E L Emerson
Ask someone about “Blockchain” and the likely responses will vary from abject dumb-face, to tales of a Silk Road, Dark Web, Breaking Bad money laundering machine, and maybe even the more accurate description of something resembling a public ledger petri dish born of the open source community, and with it gaggles of cryptocurrency children, each claiming varying degrees of legitimacy and value.
But for most it’s just cryptic.
And efforts to rationalise the blockchain public ledger – where transactions are recorded and confirmed anonymously, shared between numerous parties, and once entered cannot be altered – and its original Bitcoin currency system is like trying to describe the Internet to someone you met on the street back in 1992.
Good luck with that!
Now, maybe we just don’t have the right words yet.
Back in the early 1990s the Internet was probably considered like some kind of fantastical global communications Skynet system with an imagined neural net-based global consciousness that could at any point release The Terminator.
But once the Skynet cleared, so to speak, and a common understanding prevailed, what was once a fledgling mainstream Internet resource would go on to fundamentally change how we communicate and distribute information globally, along with providing access to every funny cat video you never knew you needed to watch.
Some will draw similarities between the impact of the Internet and what is expected of Blockchain.
And you can hardly blame those who extend the Blockchain line forward and arrive at a world-altering conclusion.
Imagine the revised structures of a global society that no longer requires financial intermediaries (amongst others) to buy houses and cars, “purchase” goods from one another over great distances and settle contracts?
No middlemen. No banks required. (First, we’ll kill all the lawyers.) No real discernible cash or coin used in transactions, and no real precious metal or other basis upon which the value of currency and exchanges operate.
Strange days indeed, eh?
But maybe a bit less different from today’s economies than you might imagine, particularly when you consider the evolution of money and its various forms into what is now essentially a series of digital blips and numbers in an ATM window.

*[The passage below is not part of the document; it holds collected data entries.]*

lemma point_diff_in_slab0:
  assumes "k < l" "k \<in> {1..5}" "l \<in> {1..5}"
  shows "point l - point k \<in> slab_points M (s 0)"
proof -
  have "point l - point k \<in> lattice3 M"
    using point_lattice assms by (intro lattice3_diff) auto
  moreover have "vcomplex (point l - point k) \<noteq> 0"
    using vpoint_decreasing[OF assms] by (auto simp: vpoint_def)
  moreover have "point k $ 1 < point l $ 1"
    using point_first_less[of k] point_first_ge[of k l] assms by fastforce
  moreover have "point l $ 1 - point k $ 1 < s 0"
    using point_first_bounds[of k] point_first_bounds[of l] assms lower by fastforce
  ultimately show ?thesis
    by (simp add: slab_points_def)
qed

lemma point0_minimizer: "slab_minimizer M (s 0) (point 0)"
proof -
  have "slab_points M (s 0) \<noteq> {}"
    using point_diff_in_slab0[of 1 2] by auto
  then show ?thesis
    unfolding point_def by (intro someI_ex[of "slab_minimizer M (s 0)"] slab_minimizer_exists[OF invertible])
qed

lemma vpoint_short: "k \<in> {1..5} \<Longrightarrow> cmod (vpoint k) < cmod (vpoint 0)"
  unfolding vpoint_def
  by (rule slab_minimizer_norm_less[OF s_le slab_min_neq point0_minimizer point_minimizer]) auto

lemma vpoint_sep:
  assumes "k \<in> {1..5}" "l \<in> {1..5}" "k \<noteq> l"
  shows "cmod (vpoint 0) \<le> cmod (vpoint k - vpoint l)"
proof -
  have ordered: "cmod (vpoint 0) \<le> cmod (vpoint l' - vpoint k')"
    if "k' < l'" "k' \<in> {1..5}" "l' \<in> {1..5}" for k' l'
    using point0_minimizer point_diff_in_slab0[OF that] unfolding slab_minimizer_def vpoint_def
    by (metis vcomplex_diff)
  show ?thesis
    using ordered[of k l] ordered[of l k] assms norm_minus_commute[of "vpoint k" "vpoint l"]
    by (cases "k < l") auto
qed

text \<open>All first coordinates of \<open>point 1, \<dots>, point 5\<close> lie in \<open>[1/2, 1)\<close> and increase,
  so \<open>point i + point j - point 5\<close> lies in the slabs of \<open>s i\<close> and \<open>s j\<close>.\<close>

lemma vpoint_combination_ge:
  assumes "i \<in> {1..4}" "j \<in> {1..4}" "vpoint i + vpoint j - vpoint 5 \<noteq> 0"
  shows "max (cmod (vpoint i)) (cmod (vpoint j)) \<le> cmod (vpoint i + vpoint j - vpoint 5)"
proof -
  define q where "q = point i + point j - point 5"
  have "cmod (vpoint k) \<le> cmod (vcomplex q)" if "k \<in> {i, j}" for k
  proof -
    have k: "k \<in> {1..5}"
      using that assms by auto
    have "point i $ 1 < point 5 $ 1" "point j $ 1 < point 5 $ 1"
      using point_first_ge[of i 5] point_first_ge[of j 5] point_first_less[of i] point_first_less[of j] assms
      by fastforce+
    moreover have "1/2 \<le> point i $ 1" "1/2 \<le> point j $ 1" "point 5 $ 1 < 1" "point k $ 1 < s k"
      using point_first_bounds[of i] point_first_bounds[of j] point_first_bounds[of 5] point_first_less[OF k]
        assms by auto
    moreover have "q $ 1 = point i $ 1 + point j $ 1 - point 5 $ 1"
      by (simp add: q_def)
    ultimately have "0 \<le> q $ 1" "q $ 1 < s k"
      using that by auto
    moreover have "q \<in> lattice3 M"
      unfolding q_def using point_lattice assms by (intro lattice3_diff lattice3_add) auto
    moreover have "vcomplex q \<noteq> 0"
      using assms(3) by (simp add: q_def vpoint_def)
    ultimately have "q \<in> slab_points M (s k)"
      by (simp add: slab_points_def)
    then show ?thesis
      using point_minimizer[OF k] by (simp add: slab_minimizer_def vpoint_def)
  qed
  then show ?thesis
    by (simp add: q_def vpoint_def)
qed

As for the cryptocurrencies existing solely in digital format (no gold coins with a big “B” on them like in the pictures), we need to arrive at a new concept of “ownership.”
The tangible clinking of coins in your pockets, wads of bills and the once ubiquitous cheque cashing process will go the way of snail mail – used only sparingly, or perhaps retained like phonebooths; as reminders of a different time or even stalwarts in any cataclysmic shock to the crypto and communications systems of the future.

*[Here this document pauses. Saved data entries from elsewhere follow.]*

lemma compact_open_nbhd_in_preimage:
  "\<exists>N. openin (compact_open_loops X x0) N \<and> f \<in> N \<and> N \<subseteq> {g \<in> loops X x0. path_class X g \<in> H}"
proof -
  have "H_close_upto X x0 H f 1"
    by (rule connected_induction_simple[OF connected_Icc[of 0 "1::real"], where a=0])
       (use H_close_upto_0 H_close_upto_locally_constant in auto)
  then obtain N W where N: "openin (compact_open_loops X x0) N" "f \<in> N" and W: "f 1 \<in> W"
    and NW: "\<forall>g\<in>N. g 1 \<in> W \<and> (\<forall>\<beta>. pathin (subtopology X W) \<beta> \<and> \<beta> 0 = g 1 \<and> \<beta> 1 = f 1 \<longrightarrow>
        path_class X ((path_segment 0 1 g \<star> \<beta>) \<star> path_rev (path_segment 0 1 f)) \<in> H)"
    unfolding H_close_upto_def by blast
  have "g \<in> loops X x0 \<and> path_class X g \<in> H" if g: "g \<in> N" for g
  proof
    show "g \<in> loops X x0"
      using g openin_subset[OF N(1)] by (auto simp: topspace_compact_open_loops)
    then have g_loop: "pathin X g" "g 0 = x0" "g 1 = x0"
      by (auto simp: loops_def)
    have "pathin (subtopology X W) (\<lambda>x. x0) \<and> (\<lambda>x::real. x0) 0 = g 1 \<and> (\<lambda>x::real. x0) 1 = f 1"
      using W x0 f_loop g_loop by (simp add: pathin_subtopology)
    with NW g have "path_class X ((g \<star> (\<lambda>x. x0)) \<star> path_rev f) \<in> H"
      unfolding path_segment_full by blast
    moreover have "class_mult X (path_class X ((g \<star> (\<lambda>x. x0)) \<star> path_rev f)) (path_class X f)
        = path_class X g"
      using g_loop f_loop x0 by simp
    ultimately show "path_class X g \<in> H"
      using subgroup_class_mult_closed[OF sg _ f(2)] by metis
  qed
  with N show ?thesis
    by blast
qed

end

lemma semilocally_path_H_connected_imp_openin_pi1_qtop:
  assumes "locally_path_connected_space X" "x0 \<in> topspace X"
    and sg: "subgroup H (fundamental_group X x0)" and "semilocally_path_H_connected X x0 H"
  shows "openin (pi1_qtop X x0) H"
proof -
  have "H \<subseteq> pi1 X x0"
    using subgroup.subset[OF sg] by (simp add: fundamental_group_def)
  moreover have "openin (compact_open_loops X x0) {g \<in> loops X x0. path_class X g \<in> H}"
    using compact_open_nbhd_in_preimage[OF assms] by (subst openin_subopen) blast
  ultimately show ?thesis
    by (simp add: openin_pi1_qtop)
qed

theorem proposition4p3:
  fixes X :: "'a topology" and x0 :: 'a and H :: "(real \<Rightarrow> 'a) set set"
  assumes "connected_space X" and "locally_path_connected_space X"
    and "x0 \<in> topspace X"
    and "subgroup H (fundamental_group X x0)"
  shows "semilocally_path_H_connected X x0 H \<longleftrightarrow> openin (pi1_qtop X x0) H"
  using semilocally_path_H_connected_imp_openin_pi1_qtop[OF assms(2-4)]
    openin_pi1_qtop_imp_semilocally_path_H_connected[OF assms(4)] by blast

end
lemma left_free_rank_of_cyclic_vector:
  fixes \<iota> :: "'k::field ^ 'l ^ 'l \<Rightarrow> 'k ^ 'm ^ 'm" and col :: "nat \<Rightarrow> 'm"
  assumes cyclic: "bij_betw (\<lambda>b. \<iota> b *v v) Bs UNIV" and col: "bij_betw col {..<n} UNIV"
  shows "left_free_rank Bs \<iota> n"
  unfolding left_free_rank_def
proof (intro exI[of _ "\<lambda>i. column_matrix (col i) v"] allI)
  fix x :: "'k ^ 'm ^ 'm"
  let ?coord = "inv_into Bs (\<lambda>b. \<iota> b *v v)"
  have coord: "?coord w \<in> Bs" "\<iota> (?coord w) *v v = w" for w
    using cyclic unfolding bij_betw_def by (auto intro: inv_into_into f_inv_into_f)
  show "\<exists>!c. (\<forall>i<n. c i \<in> Bs) \<and> (\<forall>i\<ge>n. c i = 0) \<and>
      x = (\<Sum>i<n. \<iota> (c i) ** column_matrix (col i) v)"
    unfolding eq_sum_mult_column_matrix_iff[OF col]
  proof (rule ex1I)
    fix d
    assume d: "(\<forall>i<n. d i \<in> Bs) \<and> (\<forall>i\<ge>n. d i = 0) \<and>
      (\<forall>i<n. \<iota> (d i) *v v = column (col i) x)"
    show "d = (\<lambda>i. if i < n then ?coord (column (col i) x) else 0)"
    proof
      fix i
      show "d i = (if i < n then ?coord (column (col i) x) else 0)"
      proof (cases "i < n")
        case True
        then have "?coord (column (col i) x) = ?coord (\<iota> (d i) *v v)" using d by simp
        also have "\<dots> = d i"
          by (rule inv_into_f_f) (use True d cyclic in \<open>auto simp: bij_betw_def\<close>)
        finally show ?thesis using True by simp
      qed (use d in simp)
    qed
  qed (use coord in auto)
qed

Seemingly socially influenced, the nearness of Blockchain transactions is very Internet 2.0, where separation is no longer an issue of degrees but channels where everyone is afforded a touchpoint.
Equally Blockchain is not housed in a single location, but rather it is managed by distributed nodes – each carrying a copy of the entire Blockchain, and each in turn synchronising their copies with other users, and in doing so ensure system fail safes through decentralisation.
In other words, your money is in everyone’s digital pockets at once, but you still own and control it.
That’s the power of the Blockchain. And we’re only now realising how it will fundamentally change the future.